И Эткинд усвоил новую установку Синявского: да, наши споры — это благодетельный плюрализм. И тут же продемонстрировал его несколькими передёрнутыми лжами против меня по поводу “Ленина в Цюрихе”.
Если им не сочинять за меня мою философию, то слаба будет их позиция в споре. Я призывал ко взаимной уступчивости наций, даже ко взаимному раскаянию и великодушию (“Из–под глыб”), — они бесстыдно врисовывают мне в руки топор.
И всё ж я безотзывно продолжал бы работать, если бы шло только обо мне; со мной — всё станет на место со временем. Но и новодемократам из Союза и всей радикальной рати американской прессы не столько отвратен я, как в моём лице — русская память, русское сознание, выходящее из обморока.
Это открылось мне тут горькой неожиданностью, острой болью и несправедливостью. Живя в СССР, не устанешь возмущаться каждым шагом лжи и насилия коммунистов. И это заслоняет остальные мировые проблемы и перспективы. И вдруг на Западе услышать как будто же от верных союзников — огульные порицания не СССР, а исторической России… Стало быть: хоть жизнь положи, чтобы упредить Запад от впадения в коммунизм, и преуспей в этом, — тем неблагодарнее утвердится на Западе мнение: какая же скотина русский народ, что не мог удержаться от коммунизма, вот мы же, дескать, удержались. Только крепче будут ляпать на Россию?
Ведь уверен я: большевизм — обречён. На разоблачение его я поработал достаточно, но вот уже и много сил Истории направлено на то. А мне бы — уже не на большевизм тратить усилия, а: как помочь будущей России возродиться, и возродиться чистой?
Новые исторические конфигурации складываются много заранее, чем придут в действие. А люди долго ещё не успевают различить их и разобраться.

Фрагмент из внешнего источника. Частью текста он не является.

(* Let $f,g\in\mathbb{R}[X]$, not both zero, and $\gamma\in\Gamma$ be such that $f/\gamma$ and $g/\gamma$ lie in $D$. Let $M=\gcd(f,g)$ and write $f=Mf'$, $g=Mg'$. Then the ideal $(f/\gamma,\,g/\gamma)$ of $D$ is not principal if and only if $s=\max\{\deg f',\deg g'\}$ is odd.
   Context: $D$ denotes the minimal Dress ring of the field $\mathbb{R}(X)$, i.e. the subring of $\mathbb{R}(X)$ generated by $\mathbb{Z}$ and all elements $1/(1+h^2)$ with $h\in\mathbb{R}(X)$. $\Gamma$ denotes the set of polynomials in $\mathbb{R}[X]$ having no real root (nonzero constants included). *)

theory Defs
  imports "HOL-Computational_Algebra.Computational_Algebra" "HOL-Computational_Algebra.Field_as_Ring"
begin

type_synonym ratfun = "real poly fract"

inductive_set dress_ring :: "ratfun set" where
  int:  "of_int n \<in> dress_ring"
| gen:  "1 / (1 + h\<^sup>2) \<in> dress_ring"
| add:  "a \<in> dress_ring \<Longrightarrow> b \<in> dress_ring \<Longrightarrow> a + b \<in> dress_ring"
| neg:  "a \<in> dress_ring \<Longrightarrow> - a \<in> dress_ring"
| mult: "a \<in> dress_ring \<Longrightarrow> b \<in> dress_ring \<Longrightarrow> a * b \<in> dress_ring"

text \<open>Gamma: real polynomials without real root (this excludes the zero polynomial,
  includes nonzero constants).\<close>
definition Gamma :: "real poly set" where
  "Gamma = {p. \<forall>x::real. poly p x \<noteq> 0}"

definition dress_ideal2 :: "ratfun \<Rightarrow> ratfun \<Rightarrow> ratfun set" where
  "dress_ideal2 u v = {a * u + b * v | a b. a \<in> dress_ring \<and> b \<in> dress_ring}"

definition dress_principal :: "ratfun set \<Rightarrow> bool" where
  "dress_principal I \<longleftrightarrow> (\<exists>c\<in>dress_ring. I = {a * c | a. a \<in> dress_ring})"

end

theory Submission
  imports Defs
begin

text \<open>
  The Dress ring D consists exactly of the fractions P/E with E without real roots and
  deg P \<le> deg E: the generators 1/(1 + h^2) are of this form (write h = p/q in lowest terms),
  and conversely such a fraction is reduced, by splitting off an irreducible quadratic factor
  (X - a)^2 + b^2 of E, to fractions with a quadratic denominator, which are obtained from the
  generators for h = (X - a)/b and h = (b - X + a)/(b + X - a).

  Write u = m F and v = m G with m = M/\<gamma> and F, G coprime of maximal degree s.
  If s = 2k, then c = m (1 + X^2)^k generates (u, v): it equals a u + b v with
  a = F (1 + X^2)^k / (F^2 + G^2) and b = G (1 + X^2)^k / (F^2 + G^2), both in D since
  F^2 + G^2 has no real root and degree 2s, while u / c = F / (1 + X^2)^k and
  v / c = G / (1 + X^2)^k lie in D.
  Conversely, if (u, v) = (c), then u = x c, v = y c and a x + b y = 1 with a, b, x, y in D.
  Writing x = X/E, y = Y/E, a = A/E', b = B/E' as proper fractions, coprimality of F and G
  gives X = F T, Y = G T, and E' E = (A F + B G) T; so T has no real root and
  deg E = s + deg T. As polynomials without real roots have even degree, s is even.
\<close>

section \<open>Constants in the Dress ring\<close>

lemma to_fract_power [simp]: "to_fract (p ^ n) = to_fract p ^ n"
  by (induction n) simp_all

lemma to_fract_of_int [simp]: "to_fract (of_int n) = of_int n"
  by (induction n rule: int_induct[of _ 0]) simp_all

lemma to_fract_const_mult: "to_fract [:x * y:] = to_fract [:x:] * to_fract [:y::real:]"
  by (simp flip: to_fract_mult)

lemma to_fract_const_add: "to_fract [:x + y:] = to_fract [:x:] + to_fract [:y::real:]"
  by (simp flip: to_fract_add)

lemma to_fract_const_inverse: "to_fract [:inverse x:] = inverse (to_fract [:x::real:])"
proof (cases "x = 0")
  case False
  then have "to_fract [:x:] * to_fract [:inverse x:] = 1"
    by (simp add: pCons_one flip: to_fract_const_mult)
  then show ?thesis by (rule inverse_unique[symmetric])
qed simp

lemma dress_ring_0 [simp]: "0 \<in> dress_ring"
  using dress_ring.int[of 0] by simp

lemma dress_ring_1 [simp]: "1 \<in> dress_ring"
  using dress_ring.int[of 1] by simp

lemma dress_ring_diff: "a \<in> dress_ring \<Longrightarrow> b \<in> dress_ring \<Longrightarrow> a - b \<in> dress_ring"
  by (metis dress_ring.add dress_ring.neg diff_conv_add_uminus)

lemma dress_ring_const: "to_fract [:r:] \<in> dress_ring"
proof -
  define n where "n = \<lceil>r\<rceil> - 1"
  define s where "s = sqrt (1 / (r - n) - 1)"
  have "0 < r - n" "r - n \<le> 1"
    unfolding n_def by linarith+
  then have "r - n = inverse (1 + s\<^sup>2)"
    unfolding s_def by (simp add: field_simps)
  then have "[:r:] = of_int n + [:inverse (1 + s * s):]"
    by (simp add: of_int_poly power2_eq_square)
  then have "to_fract [:r:] = of_int n + 1 / (1 + (to_fract [:s:])\<^sup>2)"
    by (simp add: to_fract_const_inverse to_fract_const_mult to_fract_const_add pCons_one
        power2_eq_square divide_inverse)
  then show ?thesis
    by (metis dress_ring.add dress_ring.int dress_ring.gen)
qed

section \<open>Polynomials without real roots\<close>

lemma Gamma_nonzero: "E \<in> Gamma \<Longrightarrow> E \<noteq> 0"
  unfolding Gamma_def by auto

lemma Gamma_mult: "E \<in> Gamma \<Longrightarrow> E' \<in> Gamma \<Longrightarrow> E * E' \<in> Gamma"
  unfolding Gamma_def by auto

lemma Gamma_one: "1 \<in> Gamma"
  unfolding Gamma_def by simp

lemma Gamma_power: "E \<in> Gamma \<Longrightarrow> E ^ n \<in> Gamma"
  by (induction n) (simp_all add: Gamma_one Gamma_mult)

lemma Gamma_dvd: "S dvd E \<Longrightarrow> E \<in> Gamma \<Longrightarrow> S \<in> Gamma"
  unfolding Gamma_def by auto

lemma Gamma_sum_squares:
  fixes p q :: "real poly"
  assumes "coprime p q"
  shows "p\<^sup>2 + q\<^sup>2 \<in> Gamma"
  unfolding Gamma_def
proof safe
  fix x assume "poly (p\<^sup>2 + q\<^sup>2) x = 0"
  then have "[:-x, 1:] dvd p" "[:-x, 1:] dvd q"
    by (simp_all add: sum_power2_eq_zero_iff poly_eq_0_iff_dvd)
  then have "is_unit [:-x, 1:]"
    using assms coprime_common_divisor by blast
  then show False
    by (simp add: is_unit_iff_degree)
qed

lemma coeff_square_double:
  fixes p :: "'a::idom poly"
  assumes "degree p \<le> m"
  shows "coeff (p\<^sup>2) (2 * m) = (coeff p m)\<^sup>2"
proof (cases "degree p = m")
  case True
  then show ?thesis
    using coeff_mult_degree_sum[of p p] by (simp add: power2_eq_square mult_2)
next
  case False
  have "degree (p\<^sup>2) < 2 * m"
    using degree_power_le[of p 2] assms False by simp
  then show ?thesis
    using assms False by (simp add: coeff_eq_0)
qed

lemma degree_sum_squares:
  fixes p q :: "real poly"
  shows "degree (p\<^sup>2 + q\<^sup>2) = 2 * max (degree p) (degree q)"
proof (cases "p = 0 \<and> q = 0")
  case False
  define m where "m = max (degree p) (degree q)"
  have "p \<noteq> 0 \<and> m = degree p \<or> q \<noteq> 0 \<and> m = degree q"
    using False unfolding m_def by (auto simp: max_def)
  then have "coeff p m \<noteq> 0 \<or> coeff q m \<noteq> 0"
    by auto
  then have "coeff (p\<^sup>2 + q\<^sup>2) (2 * m) \<noteq> 0"
    by (simp add: coeff_square_double m_def sum_power2_eq_zero_iff)
  then have "2 * m \<le> degree (p\<^sup>2 + q\<^sup>2)"
    by (rule le_degree)
  moreover have "degree (p\<^sup>2 + q\<^sup>2) \<le> 2 * m"
  proof (rule degree_add_le)
    show "degree (p\<^sup>2) \<le> 2 * m" "degree (q\<^sup>2) \<le> 2 * m"
      using degree_power_le[of p 2] degree_power_le[of q 2] by (simp_all add: m_def max_def)
  qed
  ultimately show ?thesis
    unfolding m_def by simp
qed auto

lemma poly_map_poly_of_real: "poly (map_poly of_real p) (of_real x) = of_real (poly p x)"
  by (induction p) (simp_all add: map_poly_pCons)

lemma map_poly_of_real_add: "map_poly of_real (p + q) = map_poly of_real p + map_poly of_real q"
  by (rule poly_eqI) (simp add: coeff_map_poly)

lemma map_poly_of_real_mult: "map_poly of_real (p * q) = map_poly of_real p * map_poly of_real q"
  by (rule poly_eqI) (simp add: coeff_map_poly coeff_mult)

lemma degree_shifted_square_plus_const: "degree ([:-a, 1:]\<^sup>2 + [:b:]\<^sup>2 :: real poly) = 2"
  by (simp add: power2_eq_square)

lemma shifted_square_plus_const_nonzero: "[:-a, 1:]\<^sup>2 + [:b:]\<^sup>2 \<noteq> (0 :: real poly)"
  using degree_shifted_square_plus_const[of a b] by auto

lemma Gamma_quadratic_factor:
  assumes "E \<in> Gamma" "degree E > 0"
  obtains a b S where "b \<noteq> 0" "E = ([:-a, 1:]\<^sup>2 + [:b:]\<^sup>2) * S"
proof -
  let ?cp = "map_poly complex_of_real"
  have "\<not> constant (poly (?cp E))"
    using assms(2) by (simp add: constant_degree degree_map_poly)
  then obtain z where z: "poly (?cp E) z = 0"
    using fundamental_theorem_of_algebra by blast
  define a b where "a = Re z" and "b = Im z"
  have "b \<noteq> 0"
  proof
    assume "b = 0"
    then have "z = of_real a"
      unfolding a_def b_def by (simp add: complex_eq_iff)
    then show False
      using z assms(1) unfolding Gamma_def by (simp add: poly_map_poly_of_real)
  qed
  define q where "q = [:-a, 1:]\<^sup>2 + [:b:]\<^sup>2"
  have "q \<noteq> 0" "degree q = 2"
    unfolding q_def by (simp_all add: shifted_square_plus_const_nonzero degree_shifted_square_plus_const)
  have q_z: "poly (?cp q) z = 0"
    unfolding q_def by (simp add: map_poly_pCons complex_eq_iff a_def b_def power2_eq_square algebra_simps)
  define R where "R = E mod q"
  have E: "E = q * (E div q) + R"
    unfolding R_def by simp
  have "degree R \<le> 1"
    using degree_mod_less[OF \<open>q \<noteq> 0\<close>, of E] \<open>degree q = 2\<close> unfolding R_def by auto
  then have R: "R = [:coeff R 0, coeff R 1:]"
    by (intro poly_eqI) (auto simp: coeff_pCons split: nat.split intro!: coeff_eq_0)
  have "poly (?cp R) z = 0"
    using z q_z E by (metis map_poly_of_real_add map_poly_of_real_mult poly_add poly_mult mult_zero_left add_0)
  then have "coeff R 0 + coeff R 1 * a = 0 \<and> coeff R 1 * b = 0"
    by (subst (asm) R) (simp add: map_poly_pCons complex_eq_iff a_def b_def mult.commute)
  then have "R = 0"
    using R \<open>b \<noteq> 0\<close> by auto
  then have "E = q * (E div q)"
    using E by simp
  then show ?thesis
    unfolding q_def by (rule that[OF \<open>b \<noteq> 0\<close>])
qed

Однако же что–то я инстинктивно чувствовал. Когда в “Телёнке” в 1971 уделил непропорционально много места спору между “Новым миром” и “Молодой гвардией” — я и сам удивлялся, почему чувствую так необходимым. Но ощутил и выбрал сторону, не сознавая, как этот раскол надолго теперь.
Русская земля не только захвачена большевиками, но густо посыпана от прошлых десятилетий отгоревшим освобожденческим, ревдемократическим и социалистическим пеплом. И, выбиваясь из–под ног захватчика, ещё долго вдыхаешь этот пепел, не замечая. Так и я, считая коммунизм безоговорочным и даже единственным врагом, долго совершал кадетские прихромы, в том же “Круге”, в первом издании “Архипелага”, это было рассыпано там у меня.
Я не предвидел никакого расщепления противобольшевицкого фронта. И хорошо, что не предвидел, — это давало мне цельность и неукротимость атаки на советскую бетонную крепость — и с тем большей уверенностью меня поддерживала образованщина советская и западная. Без этого не вышло бы победного боя против коммунистов. От моего недоразумения — само складывалось наилучшее тактическое сочетание для битвы со Старой площадью и с Лубянкой. А незримо для меня уже пролегала пропасть — между теми, кто любит Россию и хочет ей спасения, и теми, кто проклинает её и обвиняет во всём происшедшем. Эту, мне ещё непонятную, обстановку вдруг, первым лучом, просветил “Август”, напечатанный в 1971. Хотя то был патриотический (без социализма) русский роман — его бешено ругали и шавки коммунистической печати, и журнал национал–большевиков “Вече”, — а вся образованская публика отворотила носы, пожимала плечами. “Август” прор’езался — и поляризовал общественное сознание. И приоткрыл мне.
А ещё через два года я интуитивно, на ощупь, сам для себя внезапно и ни под чьим влиянием, в одинокий день в Рождестве–на–Истье, протрезвился до “Письма вождям”. В лагерное время мы только и мечтали о революции в нашей стране, и потом долгие годы по инерции я оставался в том же чувстве, — а вот открылось мне, что спасение наше — только в эволюции режима, иначе всё у нас разрушится доконечно.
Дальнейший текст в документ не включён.